We register "UserService" on both nodes. By registering a "UserService" at a node, it means that the node is capable of providing that service.

When you search for "UserService", the first place checked is the local cache. Since we previously registered the service locally, no network requests are made and the locally cached copy is returned.

If we want a remote answer, we can use discover.unreachable(contact) to tell Discover that what we have cached locally isn't useful. This will then cause Discover to go out to the network and ask for an answer. However, because we locally registered "UserService" before, we have a local registration that meets our search criteria, so again, no network requests are made and the locally registered copy is returned.

If we go through drastic measures and do discover.unregister(contact) to get rid of the local registration, Discover will go out to the network and return the result, but it will only be the remote result, and not the remote merged with a local copy :)

In order to get the merge behavior, I think a third node is necessary as part of the test and this third node should not have a local "UserService" on it.

skeggse commented 10 years ago

I had a feeling it might be related to caching.

I'd prefer it if I didn't need to have a third node, that defeats some of my reasons for using discover: no need to maintain a process that exists solely to enable service discovery.

One of the major pieces of discover I'm starting to fully understand is that discover is predicated more on pulling data rather than pushing and subscribing. A push-subscribe model is more useful for me because I need to react quickly to new workers and to workers that disappear.

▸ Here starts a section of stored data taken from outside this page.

(* Let $X=(X_k)$ be a sequence of fuzzy numbers, $0<\beta\le1$, $m\ge0$ an integer, and $\theta=(k_r)$ a lacunary sequence. If $\limsup_r q_r<\infty$, then $S_\theta^\beta(F,\Delta^m)\subset S(F,\Delta^m)$.
   Context: A fuzzy number is a map $X:\mathbb{R}\to[0,1]$ which is normal, fuzzy convex, upper semicontinuous, with compact closure of $\{t:X(t)>0\}$; $L(\mathbb{R})$ is the set of fuzzy numbers. Level sets $[X]^\alpha=\{t:X(t)\ge\alpha\}$ ($\alpha\in(0,1]$), $[X]^0=\overline{\{t:X(t)>0\}}$, are compact intervals $[u^\alpha,v^\alpha]$. Subtraction: $[X-Y]^\alpha=[u_1^\alpha-v_2^\alpha,v_1^\alpha-u_2^\alpha]$. Metric: $d(X,Y)=\sup_{\alpha\in[0,1]}\max\{|u_1^\alpha-u_2^\alpha|,|v_1^\alpha-v_2^\alpha|\}$. $(\Delta^0X)_k=X_k$, $(\Delta^1X)_k=X_k-X_{k+1}$, $(\Delta^mX)_k=(\Delta^1(\Delta^{m-1}X))_k$. A lacunary sequence is an increasing integer sequence $\theta=(k_r)_{r\ge0}$ with $k_0=0$, $h_r=k_r-k_{r-1}\to\infty$; $I_r=(k_{r-1},k_r]$, $q_r=k_r/k_{r-1}$. $S_\theta^\beta(F,\Delta^m)$: sequences $X$ with some $X_0\in L(\mathbb{R})$ such that for all $\varepsilon>0$, $\lim_r\frac{1}{h_r^\beta}|\{k\in I_r:d(\Delta^mX_k,X_0)\ge\varepsilon\}|=0$. $S(F,\Delta^m)$: sequences $X$ with some $X_0\in L(\mathbb{R})$ such that for all $\varepsilon>0$, $\lim_{n\to\infty}\frac{1}{n}|\{k\le n:d(\Delta^mX_k,X_0)\ge\varepsilon\}|=0$. *)

theory Defs
  imports "HOL-Analysis.Analysis"
begin

type_synonym fuzzy = "real \<Rightarrow> real"

definition fuzzy_number :: "fuzzy \<Rightarrow> bool" where
  "fuzzy_number X \<longleftrightarrow>
     (\<forall>t. 0 \<le> X t \<and> X t \<le> 1) \<and>
     (\<exists>t. X t = 1) \<and>
     (\<forall>s t l. 0 \<le> l \<and> l \<le> 1 \<longrightarrow> min (X s) (X t) \<le> X (l * s + (1 - l) * t)) \<and>
     (\<forall>t a. X t < a \<longrightarrow> (\<exists>e>0. \<forall>s. \<bar>s - t\<bar> < e \<longrightarrow> X s < a)) \<and>
     compact (closure {t. X t > 0})"

definition level :: "fuzzy \<Rightarrow> real \<Rightarrow> real set" where
  "level X a = (if a = 0 then closure {t. X t > 0} else {t. X t \<ge> a})"

definition flo :: "fuzzy \<Rightarrow> real \<Rightarrow> real" where
  "flo X a = Inf (level X a)"

definition fhi :: "fuzzy \<Rightarrow> real \<Rightarrow> real" where
  "fhi X a = Sup (level X a)"

text \<open>Subtraction defined through its level sets
  [X - Y]^a = [flo X a - fhi Y a, fhi X a - flo Y a]: the membership value at t
  is the largest level a in (0,1] whose prescribed level interval contains t.\<close>
definition fsub :: "fuzzy \<Rightarrow> fuzzy \<Rightarrow> fuzzy" where
  "fsub X Y = (\<lambda>t. let A = {a \<in> {0<..1}. flo X a - fhi Y a \<le> t \<and> t \<le> fhi X a - flo Y a}
                  in if A = {} then 0 else Sup A)"

fun fdelta :: "nat \<Rightarrow> (nat \<Rightarrow> fuzzy) \<Rightarrow> nat \<Rightarrow> fuzzy" where
  "fdelta 0 X = X"
| "fdelta (Suc m) X = (\<lambda>k. fsub (fdelta m X k) (fdelta m X (Suc k)))"

definition fdist :: "fuzzy \<Rightarrow> fuzzy \<Rightarrow> real" where
  "fdist X Y = (SUP a\<in>{0..1}. max \<bar>flo X a - flo Y a\<bar> \<bar>fhi X a - fhi Y a\<bar>)"

definition lacunary :: "(nat \<Rightarrow> nat) \<Rightarrow> bool" where
  "lacunary \<theta> \<longleftrightarrow> \<theta> 0 = 0 \<and> strict_mono \<theta> \<and>
     filterlim (\<lambda>r. \<theta> r - \<theta> (r - 1)) at_top sequentially"

definition lac_h :: "(nat \<Rightarrow> nat) \<Rightarrow> nat \<Rightarrow> nat" where
  "lac_h \<theta> r = \<theta> r - \<theta> (r - 1)"

definition lac_I :: "(nat \<Rightarrow> nat) \<Rightarrow> nat \<Rightarrow> nat set" where
  "lac_I \<theta> r = {\<theta> (r - 1)<..\<theta> r}"

definition lac_q :: "(nat \<Rightarrow> nat) \<Rightarrow> nat \<Rightarrow> real" where
  "lac_q \<theta> r = real (\<theta> r) / real (\<theta> (r - 1))"

definition S_theta :: "real \<Rightarrow> (nat \<Rightarrow> nat) \<Rightarrow> nat \<Rightarrow> (nat \<Rightarrow> fuzzy) set" where
  "S_theta \<beta> \<theta> m = {X. (\<forall>k. fuzzy_number (X k)) \<and>
     (\<exists>X0. fuzzy_number X0 \<and> (\<forall>\<epsilon>>0.
        (\<lambda>r. real (card {k \<in> lac_I \<theta> r. fdist (fdelta m X k) X0 \<ge> \<epsilon>}) / (real (lac_h \<theta> r) powr \<beta>))
          \<longlonglongrightarrow> 0))}"

definition S_stat :: "nat \<Rightarrow> (nat \<Rightarrow> fuzzy) set" where
  "S_stat m = {X. (\<forall>k. fuzzy_number (X k)) \<and>
     (\<exists>X0. fuzzy_number X0 \<and> (\<forall>\<epsilon>>0.
        (\<lambda>n. real (card {k \<in> {1..n}. fdist (fdelta m X k) X0 \<ge> \<epsilon>}) / real n) \<longlonglongrightarrow> 0))}"

end

theory Submission
  imports Defs
begin

text \<open>Only the counting of the indices k with d(\<Delta>^m X_k, X_0) \<ge> \<epsilon> matters, so the statement is
  about densities of a set P of naturals. Since h_r^\<beta> \<le> h_r, a vanishing \<beta>-density on the
  blocks I_r gives a vanishing ordinary density on the blocks. By the Stolz-Cesaro argument
  the density of P in [1, k_r] then vanishes along r, and bounded ratios q_r let this pass to
  all n: for k_(r-1) < n \<le> k_r the density of P in [1, n] is at most q_r times its density
  in [1, k_r].\<close>

lemma div_tendsto_zero_of_div_powr_tendsto_zero:
  fixes a h :: "nat \<Rightarrow> real"
  assumes "0 < \<beta>" "\<beta> \<le> 1" "\<And>r. 0 \<le> a r" "eventually (\<lambda>r. 1 \<le> h r) sequentially"
    and "(\<lambda>r. a r / h r powr \<beta>) \<longlonglongrightarrow> 0"
  shows "(\<lambda>r. a r / h r) \<longlonglongrightarrow> 0"
proof (rule tendsto_sandwich[OF _ _ tendsto_const assms(5)])
  show "eventually (\<lambda>r. 0 \<le> a r / h r) sequentially"
    using assms(4) by eventually_elim (simp add: assms(3))
  show "eventually (\<lambda>r. a r / h r \<le> a r / h r powr \<beta>) sequentially"
    using assms(4)
  proof eventually_elim
    case (elim r)
    then have "h r powr \<beta> \<le> h r"
      using powr_mono[of \<beta> 1 "h r"] assms(2) by simp
    then show ?case
      using elim by (intro divide_left_mono) (auto simp: assms(3))
  qed
qed

lemma Stolz_Cesaro_zero:
  fixes A t :: "nat \<Rightarrow> real"
  assumes "strict_mono t" "filterlim t at_top sequentially"
    and "(\<lambda>r. (A (Suc r) - A r) / (t (Suc r) - t r)) \<longlonglongrightarrow> 0"
  shows "(\<lambda>r. A r / t r) \<longlonglongrightarrow> 0"
proof (unfold tendsto_iff, intro allI impI)
  fix e :: real assume "0 < e"
  have t_step: "0 < t (Suc j) - t j" for j
    using assms(1) by (simp add: strict_mono_Suc_iff)
  obtain R where R: "\<And>j. j \<ge> R \<Longrightarrow> \<bar>A (Suc j) - A j\<bar> \<le> e/2 * (t (Suc j) - t j)"
  proof -
    obtain R where "\<forall>j\<ge>R. \<bar>(A (Suc j) - A j) / (t (Suc j) - t j)\<bar> < e/2"
      using LIMSEQ_D[OF assms(3), of "e/2"] \<open>0 < e\<close> by auto
    then show thesis
      using t_step by (intro that) (auto simp: abs_div_pos pos_divide_less_eq less_imp_le)
  qed
  have drift: "\<bar>A r - A R\<bar> \<le> e/2 * (t r - t R)" if "R \<le> r" for r
    using that
  proof (induction r rule: dec_induct)
    case (step n)
    have "\<bar>A (Suc n) - A R\<bar> \<le> \<bar>A (Suc n) - A n\<bar> + \<bar>A n - A R\<bar>" by linarith
    also have "\<dots> \<le> e/2 * (t (Suc n) - t n) + e/2 * (t n - t R)"
      using R[OF step.hyps(1)] step.IH by linarith
    also have "\<dots> = e/2 * (t (Suc n) - t R)" by argo
    finally show ?case .
  qed simp
  define C where "C = \<bar>A R\<bar> + e/2 * \<bar>t R\<bar>"
  have "(\<lambda>r. C / t r) \<longlonglongrightarrow> 0"
    using assms(2) by (intro tendsto_divide_0[OF tendsto_const] filterlim_at_top_imp_at_infinity)
  then have "eventually (\<lambda>r. C / t r < e/2) sequentially"
    using \<open>0 < e\<close> by (intro order_tendstoD(2)) auto
  moreover have "eventually (\<lambda>r. 0 < t r) sequentially"
    using assms(2) by (simp add: filterlim_at_top_dense)
  ultimately show "eventually (\<lambda>r. dist (A r / t r) 0 < e) sequentially"
    using eventually_ge_at_top[of R]
  proof eventually_elim
    case (elim r)
    have "- (e/2 * t R) \<le> e/2 * \<bar>t R\<bar>"
      using mult_left_mono[OF abs_ge_minus_self[of "t R"], of "e/2"] \<open>0 < e\<close> by simp
    then have "\<bar>A r\<bar> \<le> C + e/2 * t r"
      using drift[OF elim(3)] unfolding C_def by (simp add: right_diff_distrib)
    then have "\<bar>A r\<bar> / t r \<le> (C + e/2 * t r) / t r"
      using elim(2) by (intro divide_right_mono) auto
    also have "\<dots> = C / t r + e/2"
      using elim(2) by (simp add: add_divide_distrib)
    finally have "\<bar>A r\<bar> / t r \<le> C / t r + e/2" .
    moreover have "dist (A r / t r) 0 = \<bar>A r\<bar> / t r"
      using elim(2) by simp
    ultimately show ?case
      using elim(1) by linarith
  qed
qed

lemma density_tendsto_zero_of_subsequence:
  fixes F :: "nat \<Rightarrow> real" and \<theta> :: "nat \<Rightarrow> nat"
  assumes "mono F" "\<And>n. 0 \<le> F n" "strict_mono \<theta>"
    and "eventually (\<lambda>r. real (\<theta> r) \<le> M * real (\<theta> (r - 1))) sequentially"
    and "(\<lambda>r. F (\<theta> r) / real (\<theta> r)) \<longlonglongrightarrow> 0"
  shows "(\<lambda>n. F n / real n) \<longlonglongrightarrow> 0"
proof -
  \<comment> \<open>\<rho> n is the index of the block \<theta> (r - 1) < n \<le> \<theta> r containing n\<close>
  define \<rho> where "\<rho> n = (LEAST r. n \<le> \<theta> r)" for n
  have upper: "n \<le> \<theta> (\<rho> n)" for n
    unfolding \<rho>_def by (rule LeastI[of _ n]) (rule seq_suble[OF assms(3)])
  have lower: "\<theta> (\<rho> n - 1) < n" if "0 < \<rho> n" for n
    using not_less_Least[of "\<rho> n - 1" "\<lambda>r. n \<le> \<theta> r"] that unfolding \<rho>_def by simp
  have \<rho>_lim: "filterlim \<rho> at_top sequentially"
    unfolding filterlim_at_top
  proof (intro allI eventually_sequentiallyI)
    fix Z n assume "Suc (\<theta> Z) \<le> n"
    then show "Z \<le> \<rho> n"
      using upper[of n] strict_mono_less_eq[OF assms(3), of "\<rho> n" Z] by linarith
  qed
  have ratio: "eventually (\<lambda>n. 2 \<le> \<rho> n \<and> real (\<theta> (\<rho> n)) \<le> M * real (\<theta> (\<rho> n - 1))) sequentially"
    using eventually_conj[OF eventually_ge_at_top assms(4)]
    by (rule eventually_compose_filterlim) (rule \<rho>_lim)
  show ?thesis
  proof (rule tendsto_sandwich[OF _ _ tendsto_const])
    show "eventually (\<lambda>n. 0 \<le> F n / real n) sequentially"
      by (simp add: assms(2))
    show "(\<lambda>n. M * (F (\<theta> (\<rho> n)) / real (\<theta> (\<rho> n)))) \<longlonglongrightarrow> 0"
      using tendsto_mult_right_zero[OF filterlim_compose[OF assms(5) \<rho>_lim]]
      by simp
    show "eventually (\<lambda>n. F n / real n \<le> M * (F (\<theta> (\<rho> n)) / real (\<theta> (\<rho> n)))) sequentially"
      using ratio
    proof eventually_elim
      case (elim n)
      define a b where "a = \<theta> (\<rho> n - 1)" and "b = \<theta> (\<rho> n)"
      have "0 < a"
        using strict_monoD[OF assms(3), of 0 "\<rho> n - 1"] elim unfolding a_def by simp
      have "a < n" "n \<le> b" "real b \<le> M * real a"
        using lower[of n] upper[of n] elim unfolding a_def b_def by auto
      have "F n / real n \<le> F b / real a"
        using \<open>0 < a\<close> \<open>a < n\<close> \<open>n \<le> b\<close> assms(2)[of b] monoD[OF assms(1) \<open>n \<le> b\<close>]
        by (intro frac_le) auto
      also have "\<dots> \<le> M * (F b / real b)"
      proof -
        have "F b * real b \<le> F b * (M * real a)"
          using \<open>real b \<le> M * real a\<close> assms(2)[of b] by (rule mult_left_mono)
        then show ?thesis
          using \<open>0 < a\<close> \<open>a < n\<close> \<open>n \<le> b\<close> by (simp add: field_simps)
      qed
      finally show ?case unfolding b_def .
    qed
  qed
qed

lemma card_upto_lac_Suc:
  assumes "mono \<theta>"
  shows "card {k \<in> {1..\<theta> (Suc r)}. P k} = card {k \<in> {1..\<theta> r}. P k} + card {k \<in> lac_I \<theta> (Suc r). P k}"
proof -
  have "{k \<in> {1..\<theta> (Suc r)}. P k} = {k \<in> {1..\<theta> r}. P k} \<union> {k \<in> lac_I \<theta> (Suc r). P k}"
    using monoD[OF assms, of r "Suc r"] unfolding lac_I_def by auto
  then show ?thesis
    by (simp add: card_Un_disjoint lac_I_def disjoint_iff)
qed

lemma lacunary_ratio_bounded:
  assumes "lacunary \<theta>" and "limsup (\<lambda>r. ereal (lac_q \<theta> r)) < \<infinity>"
  obtains M where "eventually (\<lambda>r. real (\<theta> r) \<le> M * real (\<theta> (r - 1))) sequentially"
proof -
  obtain M where "limsup (\<lambda>r. ereal (lac_q \<theta> r)) < ereal M"
    using ereal_dense2[OF assms(2)] by auto
  then have "eventually (\<lambda>r. lac_q \<theta> r < M) sequentially"
    using Limsup_lessD by fastforce
  then have "eventually (\<lambda>r. real (\<theta> r) \<le> M * real (\<theta> (r - 1))) sequentially"
    using eventually_ge_at_top[of 2]
  proof eventually_elim
    case (elim r)
    have "0 < \<theta> (r - 1)"
      using assms(1) strict_monoD[of \<theta> 0 "r - 1"] elim(2) unfolding lacunary_def by simp
    with elim(1) show ?case
      by (simp add: lac_q_def pos_divide_less_eq)
  qed
  then show thesis ..
qed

Given that an operation can span a number of workers, if I disable the caching functionality that adds a significant overhead to each step in an operation because a full DHT lookup is fairly expensive (especially in the context of a hundred steps in an operation).

skeggse commented 10 years ago

All that being said, I'm not sure how this would work at all if the cache is infinitely persistent, so maybe I'm not understanding how contacts are synchronized.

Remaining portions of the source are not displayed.